The geomorphological mapping and classification for Site A (not shown in the scope of this paper) yielded areas of fine-grained sediments with slopes <20∘ (Class 1), bedrock with a shallow sediment cover (Class 2) (slope >20 and <30∘), and pure bedrock (Class 3) (slopes >30∘), in addition to the mapped rock glaciers and talus slopes for each sub-catchment. However, as the permafrost distribution modeling showed that permafrost can be assumed to be absent outside of rock glaciers and talus slopes at Site A, the resulting upscaling classes containing ice only include rock glaciers (scenario SA1) or rock glaciers and talus slopes (scenario SA2). Each rock glacier for which the ice content was modeled using the 4PM is considered its own upscaling class (Class 4x) with a specific subsurface soil stratigraphy and ice content, accounting for their heterogeneity which was observed through the geophysical surveys. Rock glacier areas without geophysical measurements were first categorized as intact (Class 5, potentially ice-rich) or relict (Class 6, unfrozen) using the rock glacier classification made by Azócar et al. (2017). Talus slope areas were divided into two upscaling classes, differing between north- (Class 7) and south-facing slopes (Class 8), to account for possibly lower ice contents in north-facing slopes.
The classification process can be summarized by the following steps.
Areas (polygons) with slopes >30∘ are identified and isolated using a DEM (5 m resolution) to map bedrock areas, as well as slopes with >20∘ and <30∘ to map bedrock with a sediment veneer.
Any other surface types and landforms observed in the field and on satellite pictures are mapped.

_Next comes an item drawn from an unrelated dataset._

(* Suppose Assumption A (constant $d$) and Assumption E (constants $C_\lambda,L_\lambda$) hold, and let $\epsilon_\theta\in(0,1)$ be such that $m^\circ_\epsilon\le G_\epsilon$ for all $\epsilon\in(0,\epsilon_\theta)$. Then for all $\epsilon\in(0,\epsilon_\theta)$: (i) $\mathbb E_{\theta^\circ}P_{M|Y}(1\le M<m^-_\epsilon)\le2\exp\big(-\tfrac{7C_\lambda}{32}m^\circ_\epsilon+\log G_\epsilon\big)\le2\exp\big(-\tfrac{C_\lambda}{5}m^\circ_\epsilon+\log G_\epsilon\big)$; (ii) $\mathbb E_{\theta^\circ}P_{M|Y}(m^+_\epsilon<M\le G_\epsilon)\le2\exp\big(-\tfrac{4C_\lambda}{9}m^\circ_\epsilon+\log G_\epsilon\big)\le2\exp\big(-\tfrac{C_\lambda}{5}m^\circ_\epsilon+\log G_\epsilon\big)$.
   Context: Let $\ell^2$ be the space of square-summable real sequences with norm $\|\cdot\|$. Fix a bounded real sequence $\lambda=(\lambda_j)_{j\ge1}$ with $\lambda_j\ne0$ for all $j$, a noise level $\epsilon\in(0,1)$ and a true parameter $\theta^\circ\in\ell^2$. The data $Y=(Y_j)_{j\ge1}$ satisfy $Y_j=\lambda_j\theta^\circ_j+\sqrt\epsilon\,\xi_j$ with $\xi_j$ i.i.d. $N(0,1)$; $\mathbb E_{\theta^\circ}$ denotes expectation under this law. Fix prior means $\eta=(\eta_j)_{j\ge1}$ with $\theta^\circ-\eta\in\ell^2$ and prior variances $\tau_j\in(0,\infty)$ (possibly depending on $\epsilon$). Put $\sigma_j:=(\lambda_j^2\epsilon^{-1}+\tau_j^{-1})^{-1}$, $\theta^Y_j:=\sigma_j(\tau_j^{-1}\eta_j+\lambda_j\epsilon^{-1}Y_j)$, and $\hat\theta^m_j:=\theta^Y_j$ for $j\le m$, $\hat\theta^m_j:=\eta_j$ for $j>m$. Define $b_m:=\sum_{j>m}(\theta^\circ_j-\eta_j)^2$, $\Lambda_j:=\lambda_j^{-2}$, $\Lambda_{(m)}:=\max_{1\le j\le m}\Lambda_j$, $\bar\Lambda_m:=m^{-1}\sum_{j=1}^m\Lambda_j$, $\Phi^m_\epsilon:=b_m\vee\epsilon m\bar\Lambda_m$, $m^\circ_\epsilon:=\min\{m\ge1:\Phi^m_\epsilon\le\Phi^k_\epsilon\ \forall k\ge1\}$, $\Phi^\circ_\epsilon:=\min_{m\ge1}\Phi^m_\epsilon$. Let $G_\epsilon:=\max\{1\le m\le\lfloor\epsilon^{-1}\rfloor:\epsilon\Lambda_{(m)}\le\Lambda_1\}$. Assumption A: there is $d>0$ with $\tau_j\ge d\,(\epsilon^{1/2}\Lambda_j^{1/2}\vee\epsilon\Lambda_j)$ for all $1\le j\le G_\epsilon$, $\epsilon\in(0,1)$. Assumption E: there are constants $C_\lambda\ge1$, $L_\lambda\ge1$ such that for all $k,l\in\mathbb N$: (i) $\sup_{j>k}\lambda_j^2\le C_\lambda\min_{1\le j\le k}\lambda_j^2=C_\lambda\Lambda_{(k)}^{-1}$; (ii) $\Lambda_{(kl)}\le\Lambda_{(k)}\Lambda_{(l)}$; (iii) $\Lambda_{(k)}/\bar\Lambda_k\le L_\lambda$. Hierarchical prior: a random dimension $M$ with values in $\{1,\dots,G_\epsilon\}$ and $P(M=m)\propto\exp(-3C_\lambda m/2)\prod_{j=1}^m(\tau_j/\sigma_j)^{1/2}$; conditionally on $M=m$ the parameter $\vartheta^M$ has independent coordinates $N(\eta_j,\tau_j)$ for $j\le m$ and equal to $\eta_j$ for $j>m$, and $Y_j=\lambda_j\vartheta^M_j+\sqrt\epsilon\xi_j$. The posterior of $M$ is $P_{M|Y}(M=m)=\exp(\frac12\{\|\hat\theta^m-\eta\|_\sigma^2-3C_\lambda m\})/\sum_{k=1}^{G_\epsilon}\exp(\frac12\{\|\hat\theta^k-\eta\|_\sigma^2-3C_\lambda k\})$, where $\|x\|_\sigma^2:=\sum_j x_j^2/\sigma_j$. Finally $m^-_\epsilon:=\min\{m\in\{1,\dots,m^\circ_\epsilon\}:b_m\le8L_\lambda C_\lambda(1+1/d)\Phi^\circ_\epsilon\}$ and $m^+_\epsilon:=\max\{m\in\{m^\circ_\epsilon,\dots,G_\epsilon\}:m\le5L_\lambda(\epsilon\Lambda_{(m^\circ_\epsilon)})^{-1}\Phi^\circ_\epsilon\}$. *)

theory Defs
  imports "HOL-Probability.Probability"
begin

The geophysical results for the different surface types and landforms are checked, if available. If more than one geophysical profile is present for one surface type class in a sub-catchment (e.g., the fine-grained sediment area in the center of sub-catchment D2), the profiles are checked for whether they suggest homogeneous subsurface conditions for the surface type class or not.
If the profiles do not suggest homogeneous subsurface conditions, the area is further subdivided into smaller upscaling classes. For this, any additional available information that can be used to explain the differences seen in the geophysical results can be used.

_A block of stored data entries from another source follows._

(* Let $\xi$ be a pure-like mixture (as defined in the context, in particular not of the form $x^p$). Then for sufficiently small $\varepsilon>0$ there exists a constant $\alpha>0$ such that $$F(x,y)<0\quad\text{for all }x\in(-E_0-\varepsilon,-E_0+\varepsilon),\ y\in\mathbb R\setminus(-y_0-\alpha\sqrt\varepsilon,-y_0+\alpha\sqrt\varepsilon),$$ and there exists a constant $\beta>0$ such that $$F(x,y)<\beta\sqrt\varepsilon\quad\text{for all }x\in(-E_0-\varepsilon,-E_0+\varepsilon),\ y\in(-y_0-\alpha\sqrt\varepsilon,-y_0+\alpha\sqrt\varepsilon).$$
   Context: $\xi(x)=\sum_{p\ge2}\gamma_p^2x^p$ with deterministic $\gamma_p$, $\sum_{p\ge2}2^p\gamma_p^2<\infty$ and $\xi(1)=1$; write $\xi'=\xi'(1)$, $\xi''=\xi''(1)$. $\xi$ is called pure-like if $G:=\log\frac{\xi''}{\xi'}-\frac{(\xi''-\xi')(\xi''-\xi'+\xi'^2)}{\xi''\xi'^2}>0$; here it is also assumed that $\xi$ is a genuine mixture (not $x^p$), so that $\xi''+\xi'-\xi'^2>0$. Let $\sigma_{\mathrm{sc}}$ be the standard semicircle law (density $\frac1{2\pi}\sqrt{4-t^2}$ on $[-2,2]$) and $\Psi_*(x)=\int\log|x-t|\,\sigma_{\mathrm{sc}}(dt)$, i.e. $\Psi_*(x)=\frac{x^2}4-\frac12$ for $|x|\le2$ and $\Psi_*(x)=\frac{x^2}4-\frac12-\big[\frac{|x|}4\sqrt{x^2-4}-\log(\sqrt{x^2/4-1}+|x|/2)\big]$ for $|x|>2$. Define $$F(x,y)=\tfrac12+\tfrac12\log\tfrac{\xi''}{\xi'}-\tfrac{x^2}2-\frac{(y-\xi'x)^2}{2(\xi''+\xi'-\xi'^2)}+\Psi_*\Big(\frac{y}{\sqrt{\xi''}}\Big).$$ Let $-E_0=\min\{x:\sup_{y\in\mathbb R}F(x,y)=0\}$ and let $-y_0$ be the maximizer of $y\mapsto F(-E_0,y)$ (which for pure-like $\xi$ is unique and satisfies $-y_0<-2\sqrt{\xi''}$). *)

theory Defs
  imports "HOL-Analysis.Analysis"
begin

definition xi :: "(nat \<Rightarrow> real) \<Rightarrow> real \<Rightarrow> real" where
  "xi \<gamma> x = (\<Sum>p. (if 2 \<le> p then (\<gamma> p)\<^sup>2 * x ^ p else 0))"

definition xi1 :: "(nat \<Rightarrow> real) \<Rightarrow> real" where
  "xi1 \<gamma> = deriv (xi \<gamma>) 1"

definition xi2 :: "(nat \<Rightarrow> real) \<Rightarrow> real" where
  "xi2 \<gamma> = deriv (deriv (xi \<gamma>)) 1"

definition pure_like :: "(nat \<Rightarrow> real) \<Rightarrow> bool" where
  "pure_like \<gamma> \<longleftrightarrow>
     ln (xi2 \<gamma> / xi1 \<gamma>)
     - (xi2 \<gamma> - xi1 \<gamma>) * (xi2 \<gamma> - xi1 \<gamma> + (xi1 \<gamma>)\<^sup>2)
       / (xi2 \<gamma> * (xi1 \<gamma>)\<^sup>2) > 0"

text \<open>Psi_*(x) = integral of log|x-t| against the semicircle law, explicit form.\<close>
definition Psi_star :: "real \<Rightarrow> real" where
  "Psi_star x = (if \<bar>x\<bar> \<le> 2 then x\<^sup>2 / 4 - 1/2
     else x\<^sup>2 / 4 - 1/2 - (\<bar>x\<bar> / 4 * sqrt (x\<^sup>2 - 4)
                               - ln (sqrt (x\<^sup>2 / 4 - 1) + \<bar>x\<bar> / 2)))"

definition Fxi :: "(nat \<Rightarrow> real) \<Rightarrow> real \<Rightarrow> real \<Rightarrow> real" where
  "Fxi \<gamma> x y = 1/2 + 1/2 * ln (xi2 \<gamma> / xi1 \<gamma>) - x\<^sup>2 / 2
     - (y - xi1 \<gamma> * x)\<^sup>2 / (2 * (xi2 \<gamma> + xi1 \<gamma> - (xi1 \<gamma>)\<^sup>2))
     + Psi_star (y / sqrt (xi2 \<gamma>))"

definition mE0 :: "(nat \<Rightarrow> real) \<Rightarrow> real" where
  "mE0 \<gamma> = (LEAST x. (SUP y. Fxi \<gamma> x y) = 0)"

text \<open>my0 = -y_0 = the (unique) maximizer of y \<mapsto> F(-E_0, y).\<close>
definition my0 :: "(nat \<Rightarrow> real) \<Rightarrow> real" where
  "my0 \<gamma> = (THE y. \<forall>z. Fxi \<gamma> (mE0 \<gamma>) z \<le> Fxi \<gamma> (mE0 \<gamma>) y)"

end

theory Submission
  imports Defs
begin

(* Write a = xi', b = xi'' and c = b + a - a^2; c is the variance of p under the probability
   weights gamma_p^2, positive because xi is a genuine mixture. Then
     F(x, y) = ln (b / a) / 2 + Q(x, y) - psi_corr (y / sqrt b)
   with a quadratic form Q satisfying Q(x, y) <= - k y^2, k = (b - a) / (4 b (a + b)) > 0, and
   psi_corr = t^2/4 - 1/2 - Psi_* convex. So F lies below each of its tangent planes by at least
   k (y - y0)^2. Along the ridge where dF/dy = 0, F equals ln (b / a) / 2 > 0 at the origin and is
   negative far out; at a zero (x0, y0) on the ridge this gives
     F(x, y) <= g (x - x0) - k (y - y0)^2   with g > 0.
   Such a cap forces -E_0 = x0 and -y_0 = y0, and yields both estimates with alpha = sqrt ((g + 1) / k)
   and beta = g + 1. *)

lemma powser_deriv_sums_at_1:
  fixes c :: "nat \<Rightarrow> real"
  assumes summable: "summable (\<lambda>n. c n * R ^ n)" and R: "1 < R"
  defines "f \<equiv> \<lambda>x. \<Sum>n. c n * x ^ n"
  shows "(\<lambda>n. real n * c n) sums deriv f 1"
    and "(\<lambda>n. (real n - 1) * real n * c n) sums deriv (deriv f) 1"
proof -
  have sc: "summable (\<lambda>n. c n * z ^ n)" if "norm z < R" for z :: real
    using powser_inside[OF summable] that R by simp
  have sd: "summable (\<lambda>n. diffs c n * z ^ n)" if "norm z < R" for z :: real
    using termdiff_converges[OF that sc] .
  have deriv_f: "deriv f z = (\<Sum>n. diffs c n * z ^ n)" if "norm z < R" for z :: real
    unfolding f_def using termdiffs_strong'[OF sc that] by (rule DERIV_imp_deriv)
  have "eventually (\<lambda>z. z \<in> ball 0 R) (nhds (1::real))"
    using R by (intro eventually_nhds_in_open) auto
  then have "eventually (\<lambda>z. deriv f z = (\<Sum>n. diffs c n * z ^ n)) (nhds 1)"
    by eventually_elim (simp add: deriv_f)
  then have "deriv (deriv f) 1 = deriv (\<lambda>z. \<Sum>n. diffs c n * z ^ n) 1"
    by (rule deriv_cong_ev) simp
  also have "\<dots> = (\<Sum>n. diffs (diffs c) n * 1 ^ n)"
    using termdiffs_strong'[OF sd, where z=1] R by (intro DERIV_imp_deriv) simp
  finally have second: "deriv (deriv f) 1 = (\<Sum>n. diffs (diffs c) n)" by simp
  have "(\<lambda>n. real n * c n * 1 ^ (n - 1)) sums (\<Sum>n. diffs c n * 1 ^ n)"
    using diffs_equiv[OF sd[of 1]] R by simp
  then show "(\<lambda>n. real n * c n) sums deriv f 1"
    using deriv_f[of 1] R by simp
  have "(\<lambda>n. real n * diffs c n * 1 ^ (n - 1)) sums (\<Sum>n. diffs (diffs c) n * 1 ^ n)"
    using diffs_equiv[of "diffs c" 1] termdiff_converges[OF _ sd, of 1] R by simp
  then have "(\<lambda>n. (real (Suc n) - 1) * real (Suc n) * c (Suc n)) sums deriv (deriv f) 1"
    using second by (simp add: diffs_def algebra_simps)
  then show "(\<lambda>n. (real n - 1) * real n * c n) sums deriv (deriv f) 1"
    using sums_Suc_iff[of "\<lambda>n. (real n - 1) * real n * c n"] by simp
qed

lemma variance_sums:
  fixes w :: "nat \<Rightarrow> real"
  assumes w: "w sums 1"
    and first: "(\<lambda>p. real p * w p) sums m"
    and second: "(\<lambda>p. (real p)\<^sup>2 * w p) sums s"
  shows "(\<lambda>p. (real p - m)\<^sup>2 * w p) sums (s - m\<^sup>2)"
proof -
  have "(\<lambda>p. (real p)\<^sup>2 * w p - 2 * m * (real p * w p) + m\<^sup>2 * w p) sums (s - 2 * m * m + m\<^sup>2 * 1)"
    by (intro sums_add sums_diff sums_mult second first w)
  then show ?thesis
    by (simp add: power2_eq_square algebra_simps)
qed

lemma point_mass_if_variance_zero:
  fixes w :: "nat \<Rightarrow> real"
  assumes nonneg: "\<And>p. 0 \<le> w p" and w: "w sums 1"
    and variance: "(\<lambda>p. (real p - m)\<^sup>2 * w p) sums 0"
  shows "\<exists>n. w = (\<lambda>p. if p = n then 1 else 0)"
proof -
  have zero: "(real p - m)\<^sup>2 * w p = 0" for p
    using variance nonneg suminf_eq_zero_iff[OF sums_summable[OF variance]]
    by (simp add: sums_iff)
  have "\<exists>n. w n \<noteq> 0"
  proof (rule ccontr)
    assume "\<not> ?thesis"
    then have "w = (\<lambda>_. 0)" by auto
    with w show False using sums_zero sums_unique2 by fastforce
  qed
  then obtain n where "w n \<noteq> 0" ..
  then have "real n = m" using zero[of n] by simp
  then have others: "w p = 0" if "p \<noteq> n" for p
    using zero[of p] that by simp
  then have "(\<lambda>p. if p = n then w p else 0) = w" by auto
  with sums_single[of n w] w have "w n = 1" using sums_unique2 by metis
  with others show ?thesis by (auto simp: fun_eq_iff)
qed

lemma mono_deriv_imp_above_tangent:
  fixes f f' :: "real \<Rightarrow> real"
  assumes deriv: "\<And>x. DERIV f x :> f' x" and mono: "mono f'"
  shows "f x + f' x * (y - x) \<le> f y"
proof -
  consider "x < y" | "y < x" | "x = y" by linarith
  then show ?thesis
  proof cases
    case 1
    then obtain z where "x < z" "f y - f x = (y - x) * f' z"
      using MVT2[of x y f f'] deriv by blast
    moreover have "(y - x) * f' x \<le> (y - x) * f' z"
      using 1 \<open>x < z\<close> monoD[OF mono, of x z] by (intro mult_left_mono) auto
    ultimately show ?thesis by (simp add: algebra_simps)
  next
    case 2
    then obtain z where "z < x" "f x - f y = (x - y) * f' z"
      using MVT2[of y x f f'] deriv by blast
    moreover have "(x - y) * f' z \<le> (x - y) * f' x"
      using 2 \<open>z < x\<close> monoD[OF mono, of z x] by (intro mult_left_mono) auto
    ultimately show ?thesis by (simp add: algebra_simps)
  qed simp
qed

section \<open>Moments of the mixture\<close>

definition xi_coeff :: "(nat \<Rightarrow> real) \<Rightarrow> nat \<Rightarrow> real" where
  "xi_coeff \<gamma> p = (if 2 \<le> p then (\<gamma> p)\<^sup>2 else 0)"

lemma xi_coeff_nonneg: "0 \<le> xi_coeff \<gamma> p"
  by (simp add: xi_coeff_def)

lemma xi_eq_powser: "xi \<gamma> x = (\<Sum>p. xi_coeff \<gamma> p * x ^ p)"
  unfolding xi_def xi_coeff_def by (intro suminf_cong) simp

context
  fixes \<gamma> :: "nat \<Rightarrow> real"
  assumes summ: "summable (\<lambda>p. (if 2 \<le> p then 2 ^ p * (\<gamma> p)\<^sup>2 else 0))"
begin

lemma summable_xi_coeff: "summable (\<lambda>p. xi_coeff \<gamma> p * 2 ^ p)"
proof -
  have "(\<lambda>p. xi_coeff \<gamma> p * 2 ^ p) = (\<lambda>p. if 2 \<le> p then 2 ^ p * (\<gamma> p)\<^sup>2 else 0)"
    by (simp add: xi_coeff_def fun_eq_iff)
  with summ show ?thesis by simp
qed

lemma xi1_sums: "(\<lambda>p. real p * xi_coeff \<gamma> p) sums xi1 \<gamma>"
  and xi2_sums: "(\<lambda>p. (real p - 1) * real p * xi_coeff \<gamma> p) sums xi2 \<gamma>"
  using powser_deriv_sums_at_1[OF summable_xi_coeff]
  by (simp_all add: xi1_def xi2_def xi_eq_powser[abs_def])

lemma xi_coeff_sums: "xi \<gamma> 1 = 1 \<Longrightarrow> xi_coeff \<gamma> sums 1"
  using powser_inside[OF summable_xi_coeff, of 1]
  by (simp add: xi_eq_powser summable_sums_iff)

lemma xi1_ge_2:
  assumes "xi \<gamma> 1 = 1"
  shows "2 \<le> xi1 \<gamma>"
proof -
  from assms have "(\<lambda>p. 2 * xi_coeff \<gamma> p) sums (2 * 1)"
    by (intro sums_mult xi_coeff_sums)
  moreover have "2 * xi_coeff \<gamma> p \<le> real p * xi_coeff \<gamma> p" for p
    by (cases "2 \<le> p") (auto simp: xi_coeff_def intro: mult_right_mono)
  ultimately show ?thesis
    using sums_le[OF _ _ xi1_sums] by fastforce
qed

lemma xi1_le_xi2: "xi1 \<gamma> \<le> xi2 \<gamma>"
proof -
  have "real p * xi_coeff \<gamma> p \<le> (real p - 1) * real p * xi_coeff \<gamma> p" for p
  proof (cases "2 \<le> p")
    case True
    then have "1 * (real p * xi_coeff \<gamma> p) \<le> (real p - 1) * (real p * xi_coeff \<gamma> p)"
      by (intro mult_right_mono) (simp_all add: xi_coeff_nonneg)
    then show ?thesis by (simp add: mult.assoc)
  qed (simp add: xi_coeff_def)
  then show ?thesis
    using sums_le[OF _ xi1_sums xi2_sums] by blast
qed

text \<open>The left-hand side is the variance of \<open>p\<close> under the probability weights \<open>xi_coeff \<gamma>\<close>;
  it vanishes only for a point mass, i.e. for a pure \<open>xi\<close>.\<close>

lemma xi_variance_pos:
  assumes norm: "xi \<gamma> 1 = 1" and mixture: "\<not> (\<exists>p::nat. \<forall>x. xi \<gamma> x = x ^ p)"
  shows "xi2 \<gamma> + xi1 \<gamma> - (xi1 \<gamma>)\<^sup>2 > 0"
proof -
  let ?w = "xi_coeff \<gamma>"
  have "(\<lambda>p. (real p - 1) * real p * ?w p + real p * ?w p) sums (xi2 \<gamma> + xi1 \<gamma>)"
    by (rule sums_add[OF xi2_sums xi1_sums])
  then have "(\<lambda>p. (real p)\<^sup>2 * ?w p) sums (xi2 \<gamma> + xi1 \<gamma>)"
    by (simp add: power2_eq_square algebra_simps)
  then have variance: "(\<lambda>p. (real p - xi1 \<gamma>)\<^sup>2 * ?w p) sums (xi2 \<gamma> + xi1 \<gamma> - (xi1 \<gamma>)\<^sup>2)"
    by (rule variance_sums[OF xi_coeff_sums[OF norm] xi1_sums])
  have "0 \<le> xi2 \<gamma> + xi1 \<gamma> - (xi1 \<gamma>)\<^sup>2"
    by (rule sums_le[OF _ sums_zero variance]) (simp add: xi_coeff_nonneg)
  moreover have "xi2 \<gamma> + xi1 \<gamma> - (xi1 \<gamma>)\<^sup>2 \<noteq> 0"
  proof
    assume "xi2 \<gamma> + xi1 \<gamma> - (xi1 \<gamma>)\<^sup>2 = 0"
    with variance obtain n where n: "?w = (\<lambda>p. if p = n then 1 else 0)"
      using point_mass_if_variance_zero[OF xi_coeff_nonneg xi_coeff_sums[OF norm]] by metis
    have "(\<lambda>p. ?w p * x ^ p) = (\<lambda>p. if p = n then x ^ p else 0)" for x :: real
      by (simp add: n fun_eq_iff)
    then have "xi \<gamma> x = x ^ n" for x
      using sums_single[of n "\<lambda>p. x ^ p"] by (simp add: xi_eq_powser sums_iff)
    with mixture show False by blast
  qed
  ultimately show ?thesis by linarith
qed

If no geophysical profile is present in a delimited area (e.g., upscaling class 3b1,2 in sub-catchment D2), the information for the subsurface conditions is taken from a profile with similar surface conditions (surface type, altitude, etc.). Here, we again rely strongly on field observations and expert knowledge in order to choose the most representative profile for the definition of the subsurface stratigraphy and ice contents.
Finally, a soil stratigraphy model is established for each upscaling class based on the representative geophysical profile chosen in points 2–4.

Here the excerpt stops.